## Records shown
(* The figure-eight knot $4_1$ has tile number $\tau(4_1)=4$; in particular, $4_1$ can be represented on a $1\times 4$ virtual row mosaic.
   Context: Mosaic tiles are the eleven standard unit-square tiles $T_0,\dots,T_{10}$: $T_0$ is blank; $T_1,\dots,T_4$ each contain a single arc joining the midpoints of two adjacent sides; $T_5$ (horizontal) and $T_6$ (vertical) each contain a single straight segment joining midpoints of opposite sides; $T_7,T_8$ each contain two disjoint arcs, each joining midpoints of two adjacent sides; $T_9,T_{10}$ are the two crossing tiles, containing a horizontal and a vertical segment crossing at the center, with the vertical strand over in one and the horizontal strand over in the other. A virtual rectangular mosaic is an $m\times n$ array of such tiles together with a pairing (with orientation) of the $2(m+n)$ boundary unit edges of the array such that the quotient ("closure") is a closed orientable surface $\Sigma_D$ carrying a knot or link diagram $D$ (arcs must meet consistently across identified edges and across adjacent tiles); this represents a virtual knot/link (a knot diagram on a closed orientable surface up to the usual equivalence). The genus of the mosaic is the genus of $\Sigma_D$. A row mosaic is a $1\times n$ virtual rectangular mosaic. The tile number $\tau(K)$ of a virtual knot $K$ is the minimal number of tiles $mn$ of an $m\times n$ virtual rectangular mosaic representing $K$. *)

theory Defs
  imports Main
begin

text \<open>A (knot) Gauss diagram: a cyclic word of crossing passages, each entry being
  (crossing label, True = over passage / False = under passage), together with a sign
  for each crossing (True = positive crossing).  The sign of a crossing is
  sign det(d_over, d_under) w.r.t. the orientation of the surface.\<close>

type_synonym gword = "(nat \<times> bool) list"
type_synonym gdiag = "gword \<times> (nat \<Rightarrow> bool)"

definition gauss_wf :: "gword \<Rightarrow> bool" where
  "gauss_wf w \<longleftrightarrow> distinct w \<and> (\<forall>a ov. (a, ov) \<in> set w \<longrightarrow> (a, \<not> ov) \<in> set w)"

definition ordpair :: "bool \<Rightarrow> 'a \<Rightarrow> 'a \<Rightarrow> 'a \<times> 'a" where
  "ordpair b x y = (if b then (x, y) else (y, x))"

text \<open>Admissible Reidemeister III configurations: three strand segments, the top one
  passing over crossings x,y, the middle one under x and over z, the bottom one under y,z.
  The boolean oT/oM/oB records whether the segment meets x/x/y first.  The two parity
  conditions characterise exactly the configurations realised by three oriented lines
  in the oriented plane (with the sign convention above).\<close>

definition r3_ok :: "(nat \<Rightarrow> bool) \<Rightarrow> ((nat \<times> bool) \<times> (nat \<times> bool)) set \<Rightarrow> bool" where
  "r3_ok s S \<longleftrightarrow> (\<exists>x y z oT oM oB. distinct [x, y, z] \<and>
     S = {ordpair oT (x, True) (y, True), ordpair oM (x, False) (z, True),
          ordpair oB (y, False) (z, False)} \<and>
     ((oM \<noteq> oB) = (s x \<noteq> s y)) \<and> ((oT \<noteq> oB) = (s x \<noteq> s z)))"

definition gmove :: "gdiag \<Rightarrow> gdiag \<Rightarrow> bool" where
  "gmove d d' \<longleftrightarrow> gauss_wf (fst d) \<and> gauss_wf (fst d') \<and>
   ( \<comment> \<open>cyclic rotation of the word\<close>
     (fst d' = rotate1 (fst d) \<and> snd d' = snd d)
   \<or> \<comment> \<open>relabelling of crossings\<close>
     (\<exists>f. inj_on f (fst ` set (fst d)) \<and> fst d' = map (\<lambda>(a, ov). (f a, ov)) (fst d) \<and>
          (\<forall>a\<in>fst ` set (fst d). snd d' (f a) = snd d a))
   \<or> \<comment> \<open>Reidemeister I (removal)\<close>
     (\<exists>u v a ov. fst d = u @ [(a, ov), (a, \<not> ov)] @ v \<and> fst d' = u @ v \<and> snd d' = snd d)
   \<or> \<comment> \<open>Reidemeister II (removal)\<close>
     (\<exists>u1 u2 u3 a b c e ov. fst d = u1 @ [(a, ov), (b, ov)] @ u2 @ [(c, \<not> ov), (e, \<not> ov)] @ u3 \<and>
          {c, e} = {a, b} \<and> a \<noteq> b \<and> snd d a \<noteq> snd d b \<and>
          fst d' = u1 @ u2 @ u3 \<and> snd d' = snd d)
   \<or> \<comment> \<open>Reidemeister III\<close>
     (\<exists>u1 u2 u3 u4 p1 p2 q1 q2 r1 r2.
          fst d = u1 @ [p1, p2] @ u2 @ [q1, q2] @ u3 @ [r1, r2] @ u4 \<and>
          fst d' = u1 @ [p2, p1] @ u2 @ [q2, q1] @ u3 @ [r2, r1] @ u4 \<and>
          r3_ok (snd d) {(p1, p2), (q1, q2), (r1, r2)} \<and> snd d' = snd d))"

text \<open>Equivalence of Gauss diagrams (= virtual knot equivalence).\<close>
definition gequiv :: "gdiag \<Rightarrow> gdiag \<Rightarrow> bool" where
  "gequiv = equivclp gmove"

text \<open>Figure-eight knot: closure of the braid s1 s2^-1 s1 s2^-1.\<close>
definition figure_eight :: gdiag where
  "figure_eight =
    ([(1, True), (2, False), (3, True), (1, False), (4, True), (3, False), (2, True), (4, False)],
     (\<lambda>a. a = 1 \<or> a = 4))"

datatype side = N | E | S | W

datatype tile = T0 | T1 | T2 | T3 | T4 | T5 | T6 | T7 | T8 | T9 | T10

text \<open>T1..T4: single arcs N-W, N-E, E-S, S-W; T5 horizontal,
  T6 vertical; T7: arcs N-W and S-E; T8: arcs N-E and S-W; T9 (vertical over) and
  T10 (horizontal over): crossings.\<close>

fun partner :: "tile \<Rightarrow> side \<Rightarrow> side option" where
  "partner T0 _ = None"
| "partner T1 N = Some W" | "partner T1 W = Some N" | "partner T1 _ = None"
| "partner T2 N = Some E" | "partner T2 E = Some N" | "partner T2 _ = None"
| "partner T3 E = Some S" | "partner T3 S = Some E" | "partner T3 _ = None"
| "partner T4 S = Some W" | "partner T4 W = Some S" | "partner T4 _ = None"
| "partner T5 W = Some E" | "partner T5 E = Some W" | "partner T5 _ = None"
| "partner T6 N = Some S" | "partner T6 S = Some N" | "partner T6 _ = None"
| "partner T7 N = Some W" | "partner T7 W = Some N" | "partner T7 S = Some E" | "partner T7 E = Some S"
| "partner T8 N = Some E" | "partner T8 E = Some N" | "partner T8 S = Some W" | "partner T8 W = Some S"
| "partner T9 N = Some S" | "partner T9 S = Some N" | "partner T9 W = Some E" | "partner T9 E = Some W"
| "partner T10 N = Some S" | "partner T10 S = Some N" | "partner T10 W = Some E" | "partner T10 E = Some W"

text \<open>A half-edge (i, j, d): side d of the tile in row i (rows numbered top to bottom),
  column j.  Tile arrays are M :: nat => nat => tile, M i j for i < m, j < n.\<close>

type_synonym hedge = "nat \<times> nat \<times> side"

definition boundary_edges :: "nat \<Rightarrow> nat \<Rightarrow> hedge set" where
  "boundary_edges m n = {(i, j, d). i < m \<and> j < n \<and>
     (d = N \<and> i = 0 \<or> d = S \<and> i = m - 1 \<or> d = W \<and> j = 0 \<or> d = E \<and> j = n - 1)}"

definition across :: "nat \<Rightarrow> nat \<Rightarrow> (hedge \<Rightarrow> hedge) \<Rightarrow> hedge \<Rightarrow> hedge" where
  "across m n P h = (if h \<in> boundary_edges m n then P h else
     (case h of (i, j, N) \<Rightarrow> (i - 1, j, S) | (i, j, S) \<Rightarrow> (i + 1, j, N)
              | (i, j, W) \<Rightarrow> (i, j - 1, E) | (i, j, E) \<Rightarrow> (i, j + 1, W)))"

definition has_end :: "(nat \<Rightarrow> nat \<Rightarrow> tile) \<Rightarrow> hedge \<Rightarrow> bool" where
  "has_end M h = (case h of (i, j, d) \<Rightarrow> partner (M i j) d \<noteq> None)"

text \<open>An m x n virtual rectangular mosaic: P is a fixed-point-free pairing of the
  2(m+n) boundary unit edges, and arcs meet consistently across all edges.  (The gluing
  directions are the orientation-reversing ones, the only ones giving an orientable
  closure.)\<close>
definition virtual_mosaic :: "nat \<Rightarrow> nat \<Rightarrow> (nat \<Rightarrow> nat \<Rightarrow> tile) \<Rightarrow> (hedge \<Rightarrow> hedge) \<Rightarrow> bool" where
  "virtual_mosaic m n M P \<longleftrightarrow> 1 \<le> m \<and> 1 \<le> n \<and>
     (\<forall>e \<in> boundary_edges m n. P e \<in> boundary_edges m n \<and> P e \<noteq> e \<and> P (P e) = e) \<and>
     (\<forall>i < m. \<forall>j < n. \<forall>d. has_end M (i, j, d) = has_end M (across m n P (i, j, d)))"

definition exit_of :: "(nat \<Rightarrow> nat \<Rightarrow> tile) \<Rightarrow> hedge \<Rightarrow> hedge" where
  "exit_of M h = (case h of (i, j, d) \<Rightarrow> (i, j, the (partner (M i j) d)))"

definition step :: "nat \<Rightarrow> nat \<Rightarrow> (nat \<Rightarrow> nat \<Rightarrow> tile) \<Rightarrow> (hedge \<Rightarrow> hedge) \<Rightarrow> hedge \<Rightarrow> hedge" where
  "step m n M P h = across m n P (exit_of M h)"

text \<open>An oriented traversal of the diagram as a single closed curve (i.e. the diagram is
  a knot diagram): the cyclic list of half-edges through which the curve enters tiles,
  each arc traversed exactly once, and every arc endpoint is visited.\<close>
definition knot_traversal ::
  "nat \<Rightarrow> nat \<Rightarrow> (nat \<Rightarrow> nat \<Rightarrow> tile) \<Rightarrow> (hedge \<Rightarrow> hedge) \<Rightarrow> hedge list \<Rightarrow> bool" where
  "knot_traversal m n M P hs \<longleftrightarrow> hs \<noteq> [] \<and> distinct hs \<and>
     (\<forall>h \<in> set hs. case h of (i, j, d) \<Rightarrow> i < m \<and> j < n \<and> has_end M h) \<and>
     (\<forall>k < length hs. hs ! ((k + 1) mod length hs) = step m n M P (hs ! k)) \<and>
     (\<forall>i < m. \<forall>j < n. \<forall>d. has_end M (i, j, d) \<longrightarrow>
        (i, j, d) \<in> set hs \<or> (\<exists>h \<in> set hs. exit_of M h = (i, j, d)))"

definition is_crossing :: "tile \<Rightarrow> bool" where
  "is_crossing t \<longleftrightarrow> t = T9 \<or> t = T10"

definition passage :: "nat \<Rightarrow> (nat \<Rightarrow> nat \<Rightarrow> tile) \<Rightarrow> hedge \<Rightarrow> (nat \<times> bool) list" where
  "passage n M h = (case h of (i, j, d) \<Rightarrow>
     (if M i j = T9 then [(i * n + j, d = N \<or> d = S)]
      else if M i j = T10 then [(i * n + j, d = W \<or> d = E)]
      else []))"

==

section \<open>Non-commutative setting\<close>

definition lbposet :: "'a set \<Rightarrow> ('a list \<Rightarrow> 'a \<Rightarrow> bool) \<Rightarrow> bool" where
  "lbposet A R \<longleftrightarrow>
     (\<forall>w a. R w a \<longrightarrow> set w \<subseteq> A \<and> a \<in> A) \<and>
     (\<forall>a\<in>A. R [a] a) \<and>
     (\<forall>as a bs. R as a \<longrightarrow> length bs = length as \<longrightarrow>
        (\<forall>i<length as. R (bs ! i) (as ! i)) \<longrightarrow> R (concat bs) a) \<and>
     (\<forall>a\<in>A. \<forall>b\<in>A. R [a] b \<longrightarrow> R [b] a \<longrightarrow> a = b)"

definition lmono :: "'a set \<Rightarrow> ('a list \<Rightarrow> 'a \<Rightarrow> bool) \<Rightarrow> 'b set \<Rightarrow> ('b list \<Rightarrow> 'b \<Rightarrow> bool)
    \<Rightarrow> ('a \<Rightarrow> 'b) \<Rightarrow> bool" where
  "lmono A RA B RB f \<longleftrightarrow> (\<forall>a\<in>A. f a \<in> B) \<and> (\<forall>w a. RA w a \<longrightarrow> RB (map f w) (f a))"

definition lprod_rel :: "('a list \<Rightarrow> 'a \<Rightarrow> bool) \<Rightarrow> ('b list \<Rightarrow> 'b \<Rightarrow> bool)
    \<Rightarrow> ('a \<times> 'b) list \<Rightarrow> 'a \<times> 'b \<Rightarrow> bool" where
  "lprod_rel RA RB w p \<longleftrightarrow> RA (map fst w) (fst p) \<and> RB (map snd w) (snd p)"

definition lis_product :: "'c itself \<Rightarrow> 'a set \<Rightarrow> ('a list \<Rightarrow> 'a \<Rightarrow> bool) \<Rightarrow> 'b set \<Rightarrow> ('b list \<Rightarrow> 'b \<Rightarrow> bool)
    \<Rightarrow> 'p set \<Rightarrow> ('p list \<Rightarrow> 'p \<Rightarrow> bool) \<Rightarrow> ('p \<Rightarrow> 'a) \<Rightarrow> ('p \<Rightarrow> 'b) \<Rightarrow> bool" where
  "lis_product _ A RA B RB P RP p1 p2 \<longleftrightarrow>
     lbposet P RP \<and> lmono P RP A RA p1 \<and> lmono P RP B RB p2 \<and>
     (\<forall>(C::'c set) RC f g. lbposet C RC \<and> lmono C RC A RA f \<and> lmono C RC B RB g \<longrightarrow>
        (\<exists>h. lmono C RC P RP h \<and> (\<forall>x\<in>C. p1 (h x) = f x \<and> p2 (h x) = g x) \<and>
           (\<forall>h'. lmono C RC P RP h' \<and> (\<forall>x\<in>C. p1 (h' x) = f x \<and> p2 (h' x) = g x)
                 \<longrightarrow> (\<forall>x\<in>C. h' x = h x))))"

## Task item
From the records above, copy each line where the word "gequiv" can be found.

## Solution to this exercise
definition gequiv :: "gdiag \<Rightarrow> gdiag \<Rightarrow> bool" where
  "gequiv = equivclp gmove"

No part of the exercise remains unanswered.